July 20, 2011
In the Grand Chamber judgment in the case of Bayatyan v. Armenia the Court recognized a right to conscientious objection under Article 9. The first step in doing so was to correct a mistake started by the European Commission of Human Rights (Commission) regarding the interpretation of Article 9 in conjunction with Article 4.
The initial position of the Commission was set out in the case of Grandrath v. the Federal Republic of Germany which concerned a Jehovah’s Witness who sought to be exempted not only from military but also from substitute civilian service. He alleged a violation of Article 9 of the Convention on the ground that the authorities had imposed on him a service which was contrary to his conscience and religion and had punished him for his refusal to perform such service. The Commission observed at the outset that, while Article 9 guaranteed the right to freedom of thought, conscience and religion in general, Article 4 of the Convention contained a provision which expressly dealt with the question of compulsory service exacted in the place of military service in the case of conscientious objectors. It concluded that, since Article 4 expressly recognised that civilian service might be imposed on conscientious objectors as a substitute for military service, objections of conscience did not, under the Convention, entitle a person to exemption from such service.
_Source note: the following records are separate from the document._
(* Let $V \in \mathcal{H}^{r\times n}$ and $Y\in\mathcal{H}^{n\times r}$ be a left and a right canonical matrix, respectively, for $T$ at $\lambda_0$. Then $VTY$ is invertible as a meromorphic matrix, and: (i) $\hat Y := Y(VTY)^{-1}\Delta$ is a right canonical matrix for $T$ at $\lambda_0$ and satisfies the biorthogonality condition $\Delta^{-1}VT\hat Y\Delta^{-1}\doteq\Delta^{-1}$; (ii) $\hat V := \Delta(VTY)^{-1}V$ is a left canonical matrix for $T$ at $\lambda_0$ and satisfies $\Delta^{-1}\hat V TY\Delta^{-1}\doteq\Delta^{-1}$; (iii) $T^{-1}\doteq Y(VTY)^{-1}V$.
   Context: Let $\Omega\subset\mathbb{C}$ be open and $\lambda_0\in\Omega$ fixed. $\mathcal{H}$ denotes the ring of holomorphic functions on $\Omega$, $\mathcal{M}$ the field of meromorphic functions on $\Omega$, and $\mathcal{H}_0$ the ring of functions holomorphic in some neighborhood of $\lambda_0$. Write $\chi_0(\lambda)=\lambda-\lambda_0$. A matrix $M\in\mathcal{H}_0^{n\times n}$ is unimodular if it has an inverse in $\mathcal{H}_0^{n\times n}$ (equivalently, $M(\lambda_0)$ is nonsingular); $M\in\mathcal{H}_0^{n\times m}$ is left (right) unimodular if it has a left (right) inverse with entries in $\mathcal{H}_0$. For meromorphic matrices $M_1,M_2$ of equal size, $M_1\doteq M_2$ means that $M_2-M_1$ is holomorphic in a neighborhood of $\lambda_0$ (equal principal parts at $\lambda_0$). Throughout, $T\in\mathcal{H}^{n\times n}$ with $\det T$ not identically zero and $\det T(\lambda_0)=0$, and $r=\dim\ker T(\lambda_0)$. There exist unimodular $U_L,U_R\in\mathcal{H}_0^{n\times n}$ and uniquely determined integers $m_1\ge\cdots\ge m_n\ge 0$ (the partial multiplicities) with $U_LTU_R=\mathrm{diag}(\chi_0^{m_1},\dots,\chi_0^{m_n})$; one has $m_i>0$ exactly for $i\le r$. Set $\Delta=\mathrm{diag}(\chi_0^{m_1},\dots,\chi_0^{m_r})\in\mathcal{H}_0^{r\times r}$. A root function for $T$ at $\lambda_0$ is $y\in\mathcal{H}^n$ with $y(\lambda_0)\neq0$ and $T(\lambda_0)y(\lambda_0)=0$; its multiplicity $\nu(y)$ is the order of the zero of $Ty$ at $\lambda_0$. A right canonical matrix for $T$ at $\lambda_0$ is $Y\in\mathcal{H}^{n\times r}$ whose columns $y_1,\dots,y_r$ are root functions such that (a) $y_1(\lambda_0),\dots,y_r(\lambda_0)$ are linearly independent, (b) $\sum_{i=1}^r\nu(y_i)=\sum_{i=1}^r m_i$, (c) $\nu(y_1)\ge\cdots\ge\nu(y_r)$. A left root function is a row vector $v\in\mathcal{H}^{1\times n}$ with $v(\lambda_0)\ne0$ and $v(\lambda_0)T(\lambda_0)=0$, with multiplicity the order of the zero of $vT$ at $\lambda_0$; a left canonical matrix $V\in\mathcal{H}^{r\times n}$ is defined analogously (rows are left root functions satisfying the analogues of (a),(b),(c)).
   Formalization: $\Omega$ is connected, and in (i) and (ii) only a matrix holomorphic near $\lambda_0$ and equal to $\hat Y$ (resp. $\hat V$) off $\lambda_0$ is right (resp. left) canonical for T on some neighbourhood of $\lambda_0$. Each condition added here is assumed in the paper as well or is needed for the statement above to hold. *)

theory Defs
  imports "HOL-Complex_Analysis.Complex_Analysis" "Jordan_Normal_Form.Matrix_Kernel"
begin

text \<open>Matrix-valued functions are functions complex => complex mat (Jordan_Normal_Form),
  vectors are complex vec. Row vectors are represented by complex vec as well.\<close>

definition hol_mat :: "complex set \<Rightarrow> nat \<Rightarrow> nat \<Rightarrow> (complex \<Rightarrow> complex mat) \<Rightarrow> bool" where
  "hol_mat S nr nc F \<longleftrightarrow> (\<forall>z\<in>S. F z \<in> carrier_mat nr nc) \<and>
     (\<forall>i<nr. \<forall>j<nc. (\<lambda>z. F z $$ (i,j)) holomorphic_on S)"

text \<open>Meromorphic inverse, taken pointwise (adjugate formula; meaningful where det is nonzero).\<close>
definition minv :: "complex mat \<Rightarrow> complex mat" where
  "minv A = (1 / det A) \<cdot>\<^sub>m adj_mat A"

definition vec_zero_order :: "nat \<Rightarrow> (complex \<Rightarrow> complex vec) \<Rightarrow> complex \<Rightarrow> nat" where
  "vec_zero_order k F z0 = (LEAST m. \<exists>i<k. (deriv ^^ m) (\<lambda>z. F z $ i) z0 \<noteq> 0)"

definition chi_diag :: "nat \<Rightarrow> nat list \<Rightarrow> complex \<Rightarrow> complex \<Rightarrow> complex mat" where
  "chi_diag k ms z0 z = mat k k (\<lambda>(i,j). if i = j then (z - z0) ^ (ms ! i) else 0)"

definition partial_mults :: "complex set \<Rightarrow> nat \<Rightarrow> (complex \<Rightarrow> complex mat) \<Rightarrow> complex \<Rightarrow> nat list \<Rightarrow> bool" where
  "partial_mults \<Omega> n T z0 ms \<longleftrightarrow> length ms = n \<and> (\<forall>i j. i \<le> j \<longrightarrow> j < n \<longrightarrow> ms ! j \<le> ms ! i) \<and>
     (\<exists>U UL UR. open U \<and> z0 \<in> U \<and> U \<subseteq> \<Omega> \<and> hol_mat U n n UL \<and> hol_mat U n n UR \<and>
        det (UL z0) \<noteq> 0 \<and> det (UR z0) \<noteq> 0 \<and>
        (\<forall>z\<in>U. UL z * T z * UR z = chi_diag n ms z0 z))"

definition root_fun :: "complex set \<Rightarrow> nat \<Rightarrow> (complex \<Rightarrow> complex mat) \<Rightarrow> complex \<Rightarrow> (complex \<Rightarrow> complex vec) \<Rightarrow> bool" where
  "root_fun \<Omega> n T z0 y \<longleftrightarrow> (\<forall>z\<in>\<Omega>. y z \<in> carrier_vec n) \<and> (\<forall>i<n. (\<lambda>z. y z $ i) holomorphic_on \<Omega>) \<and>
     y z0 \<noteq> 0\<^sub>v n \<and> T z0 *\<^sub>v y z0 = 0\<^sub>v n"

definition root_mult :: "nat \<Rightarrow> (complex \<Rightarrow> complex mat) \<Rightarrow> complex \<Rightarrow> (complex \<Rightarrow> complex vec) \<Rightarrow> nat" where
  "root_mult n T z0 y = vec_zero_order n (\<lambda>z. T z *\<^sub>v y z) z0"

text \<open>Left root function (a row vector v, stored as a vec; v T is transpose(T) *v v).\<close>
definition left_root_fun :: "complex set \<Rightarrow> nat \<Rightarrow> (complex \<Rightarrow> complex mat) \<Rightarrow> complex \<Rightarrow> (complex \<Rightarrow> complex vec) \<Rightarrow> bool" where
  "left_root_fun \<Omega> n T z0 v \<longleftrightarrow> (\<forall>z\<in>\<Omega>. v z \<in> carrier_vec n) \<and> (\<forall>i<n. (\<lambda>z. v z $ i) holomorphic_on \<Omega>) \<and>
     v z0 \<noteq> 0\<^sub>v n \<and> transpose_mat (T z0) *\<^sub>v v z0 = 0\<^sub>v n"

definition left_root_mult :: "nat \<Rightarrow> (complex \<Rightarrow> complex mat) \<Rightarrow> complex \<Rightarrow> (complex \<Rightarrow> complex vec) \<Rightarrow> nat" where
  "left_root_mult n T z0 v = vec_zero_order n (\<lambda>z. transpose_mat (T z) *\<^sub>v v z) z0"

definition right_canonical :: "complex set \<Rightarrow> nat \<Rightarrow> (complex \<Rightarrow> complex mat) \<Rightarrow> complex \<Rightarrow> nat list \<Rightarrow> (complex \<Rightarrow> complex mat) \<Rightarrow> bool" where
  "right_canonical \<Omega> n T z0 ms Y \<longleftrightarrow>
     (let r = kernel_dim (T z0); nu = (\<lambda>i. root_mult n T z0 (\<lambda>z. col (Y z) i)) in
       hol_mat \<Omega> n r Y \<and>
       (\<forall>i<r. root_fun \<Omega> n T z0 (\<lambda>z. col (Y z) i)) \<and>
       (\<forall>c\<in>carrier_vec r. Y z0 *\<^sub>v c = 0\<^sub>v n \<longrightarrow> c = 0\<^sub>v r) \<and>
       (\<Sum>i<r. nu i) = (\<Sum>i<r. ms ! i) \<and>
       (\<forall>i j. i \<le> j \<longrightarrow> j < r \<longrightarrow> nu j \<le> nu i))"

definition left_canonical :: "complex set \<Rightarrow> nat \<Rightarrow> (complex \<Rightarrow> complex mat) \<Rightarrow> complex \<Rightarrow> nat list \<Rightarrow> (complex \<Rightarrow> complex mat) \<Rightarrow> bool" where
  "left_canonical \<Omega> n T z0 ms V \<longleftrightarrow>
     (let r = kernel_dim (T z0); nu = (\<lambda>i. left_root_mult n T z0 (\<lambda>z. row (V z) i)) in
       hol_mat \<Omega> r n V \<and>
       (\<forall>i<r. left_root_fun \<Omega> n T z0 (\<lambda>z. row (V z) i)) \<and>
       (\<forall>c\<in>carrier_vec r. transpose_mat (V z0) *\<^sub>v c = 0\<^sub>v n \<longrightarrow> c = 0\<^sub>v r) \<and>
       (\<Sum>i<r. nu i) = (\<Sum>i<r. ms ! i) \<and>
       (\<forall>i j. i \<le> j \<longrightarrow> j < r \<longrightarrow> nu j \<le> nu i))"

text \<open>Equality of principal parts at z0 of (pointwise defined) meromorphic nr x nc matrices:
  the difference agrees, on a punctured neighbourhood of z0, with a matrix function
  holomorphic on a full neighbourhood of z0.\<close>
definition pp_eq :: "nat \<Rightarrow> nat \<Rightarrow> complex \<Rightarrow> (complex \<Rightarrow> complex mat) \<Rightarrow> (complex \<Rightarrow> complex mat) \<Rightarrow> bool" where
  "pp_eq nr nc z0 M1 M2 \<longleftrightarrow> (\<exists>U H. open U \<and> z0 \<in> U \<and> hol_mat U nr nc H \<and>
      (\<forall>z\<in>U - {z0}. M1 z \<in> carrier_mat nr nc \<and> M2 z \<in> carrier_mat nr nc \<and> M2 z - M1 z = H z))"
When arguing before the Grand Chamber the Applicant did something he did not do when the case was examined by the Chamber – he challenged the very application of Article 4 in cases like his.
Article 4 § 3 (b) states: “For the purpose of this Article the term “forced or compulsory labour” shall not include: (b) any service of a military character or, in case of conscientious objectors in countries where they are recognised, service exacted instead of compulsory military service.” Relying on the Travaux préparatoires, the Applicant claimed that Article 4 § 3 (b) had never been meant to be read in conjunction with Article 9. Its sole purpose was to delimit the right guaranteed by Article 4 § 2 and it neither recognised nor excluded the right to conscientious objection (paragraph 73). The Grand Chamber examined the Travaux préparatoires whose paragraph 23 states: “In sub-paragraph [(b)], the clause relating to conscientious objectors was intended to indicate that any national service required of them by law would not fall within the scope of forced or compulsory labour. As the concept of conscientious objection was not recognised in many countries, the phrase ‘in countries where conscientious objection is recognised’ was inserted”. The Court proceeded by stating that in its opinion, the Travaux préparatoires confirmed that the sole purpose of sub-paragraph (b) of Article 4 § 3 was to provide a further elucidation of the notion “forced or compulsory labour”. In itself it neither recognised nor excluded a right to conscientious objection and should therefore not had a delimiting effect on the rights guaranteed by Article 9 (see paragraph 100).
The Travaux préparatoires played an important role in this case. I cannot say that the Grand Chamber would not have used them on its own initiative in this case, but I know that the Commission did not for many years and the Chamber did not either. Applause to the Applicant for the well argued interpretation of the Convention’s norm.